::: EXTRACTED INFORMATION :::

lemma int_ideal_reduce_coeffs:
  assumes "number_field K" "finite Y" "Y \<subseteq> ring_of_integers K"
  shows "(\<Sum>y\<in>Y. of_int (c y) * y) - (\<Sum>y\<in>Y. of_int (c y mod p) * y) \<in> int_ideal K p"
proof -
  have "(\<Sum>y\<in>Y. of_int (c y) * y) - (\<Sum>y\<in>Y. of_int (c y mod p) * y)
      = (\<Sum>y\<in>Y. of_int (c y div p) * (of_int p * y))"
  proof (subst sum_subtractf[symmetric], rule sum.cong)
    fix y
    have "(of_int (c y) :: complex) = of_int (c y div p) * of_int p + of_int (c y mod p)"
      by (metis div_mult_mod_eq of_int_add of_int_mult)
    then show "of_int (c y) * y - of_int (c y mod p) * y = of_int (c y div p) * (of_int p * y)"
      by (simp add: algebra_simps)
  qed simp
  also have "\<dots> \<in> int_ideal K p"
    using assms by (intro int_ideal_sum int_ideal_int_mult int_ideal_multiple) auto
  finally show ?thesis .
qed

definition independent_mod :: "complex set \<Rightarrow> int \<Rightarrow> complex set \<Rightarrow> bool" where
  "independent_mod K p Y \<longleftrightarrow> finite Y \<and> Y \<subseteq> ring_of_integers K \<and>
     (\<forall>a. (\<Sum>y\<in>Y. of_int (a y) * y) \<in> int_ideal K p \<longrightarrow> (\<forall>y\<in>Y. p dvd a y))"

lemma independent_mod_int_relation:
  assumes p: "prime p" and Y: "independent_mod K p Y" and v: "v \<in> Y"
  shows "(\<Sum>y\<in>Y. of_int (d y) * y) = 0 \<Longrightarrow> d v = 0"
proof (induction "nat \<bar>d v\<bar>" arbitrary: d rule: less_induct)
  case less
  have "\<forall>y\<in>Y. p dvd d y"
    using Y less.prems int_ideal_zero by (auto simp: independent_mod_def)
  then have d: "d y = p * (d y div p)" if "y \<in> Y" for y
    using that by simp
  have "of_int p * (\<Sum>y\<in>Y. of_int (d y div p) * y) = (\<Sum>y\<in>Y. of_int (d y) * (y :: complex))"
    unfolding sum_distrib_left
    by (rule sum.cong) (simp_all add: d[symmetric] mult.assoc[symmetric] flip: of_int_mult)
  then have rel: "(\<Sum>y\<in>Y. of_int (d y div p) * y) = (0 :: complex)"
    using less.prems p by (simp add: prime_gt_0_int[THEN less_imp_neq, symmetric])
  show "d v = 0"
  proof (rule ccontr)
    assume "d v \<noteq> 0"
    moreover have "\<bar>d v\<bar> = p * \<bar>d v div p\<bar>"
      using d[OF v] prime_ge_2_int[OF p] by (metis abs_mult abs_of_nonneg order.trans zero_le_numeral)
    ultimately have "\<bar>d v div p\<bar> < \<bar>d v\<bar>"
      using prime_ge_2_int[OF p] mult_right_mono[of 2 p "\<bar>d v div p\<bar>"] by auto
    then have "nat \<bar>d v div p\<bar> < nat \<bar>d v\<bar>"
      by simp
    then have "d v div p = 0"
      using less.hyps[of "\<lambda>y. d y div p"] rel by simp
    then show False
      using d[OF v] \<open>d v \<noteq> 0\<close> by simp
  qed
qed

:::

Copy the whole listing out exactly, so that every line matches what is above.

lemma int_ideal_reduce_coeffs:
  assumes "number_field K" "finite Y" "Y \<subseteq> ring_of_integers K"
  shows "(\<Sum>y\<in>Y. of_int (c y) * y) - (\<Sum>y\<in>Y. of_int (c y mod p) * y) \<in> int_ideal K p"
proof -
  have "(\<Sum>y\<in>Y. of_int (c y) * y) - (\<Sum>y\<in>Y. of_int (c y mod p) * y)
      = (\<Sum>y\<in>Y. of_int (c y div p) * (of_int p * y))"
  proof (subst sum_subtractf[symmetric], rule sum.cong)
    fix y
    have "(of_int (c y) :: complex) = of_int (c y div p) * of_int p + of_int (c y mod p)"
      by (metis div_mult_mod_eq of_int_add of_int_mult)
    then show "of_int (c y) * y - of_int (c y mod p) * y = of_int (c y div p) * (of_int p * y)"
      by (simp add: algebra_simps)
  qed simp
  also have "\<dots> \<in> int_ideal K p"
    using assms by (intro int_ideal_sum int_ideal_int_mult int_ideal_multiple) auto
  finally show ?thesis .
qed

definition independent_mod :: "complex set \<Rightarrow> int \<Rightarrow> complex set \<Rightarrow> bool" where
  "independent_mod K p Y \<longleftrightarrow> finite Y \<and> Y \<subseteq> ring_of_integers K \<and>
     (\<forall>a. (\<Sum>y\<in>Y. of_int (a y) * y) \<in> int_ideal K p \<longrightarrow> (\<forall>y\<in>Y. p dvd a y))"

lemma independent_mod_int_relation:
  assumes p: "prime p" and Y: "independent_mod K p Y" and v: "v \<in> Y"
  shows "(\<Sum>y\<in>Y. of_int (d y) * y) = 0 \<Longrightarrow> d v = 0"
proof (induction "nat \<bar>d v\<bar>" arbitrary: d rule: less_induct)
  case less
  have "\<forall>y\<in>Y. p dvd d y"
    using Y less.prems int_ideal_zero by (auto simp: independent_mod_def)
  then have d: "d y = p * (d y div p)" if "y \<in> Y" for y
    using that by simp
  have "of_int p * (\<Sum>y\<in>Y. of_int (d y div p) * y) = (\<Sum>y\<in>Y. of_int (d y) * (y :: complex))"
    unfolding sum_distrib_left
    by (rule sum.cong) (simp_all add: d[symmetric] mult.assoc[symmetric] flip: of_int_mult)
  then have rel: "(\<Sum>y\<in>Y. of_int (d y div p) * y) = (0 :: complex)"
    using less.prems p by (simp add: prime_gt_0_int[THEN less_imp_neq, symmetric])
  show "d v = 0"
  proof (rule ccontr)
    assume "d v \<noteq> 0"
    moreover have "\<bar>d v\<bar> = p * \<bar>d v div p\<bar>"
      using d[OF v] prime_ge_2_int[OF p] by (metis abs_mult abs_of_nonneg order.trans zero_le_numeral)
    ultimately have "\<bar>d v div p\<bar> < \<bar>d v\<bar>"
      using prime_ge_2_int[OF p] mult_right_mono[of 2 p "\<bar>d v div p\<bar>"] by auto
    then have "nat \<bar>d v div p\<bar> < nat \<bar>d v\<bar>"
      by simp
    then have "d v div p = 0"
      using less.hyps[of "\<lambda>y. d y div p"] rel by simp
    then show False
      using d[OF v] \<open>d v \<noteq> 0\<close> by simp
  qed
qed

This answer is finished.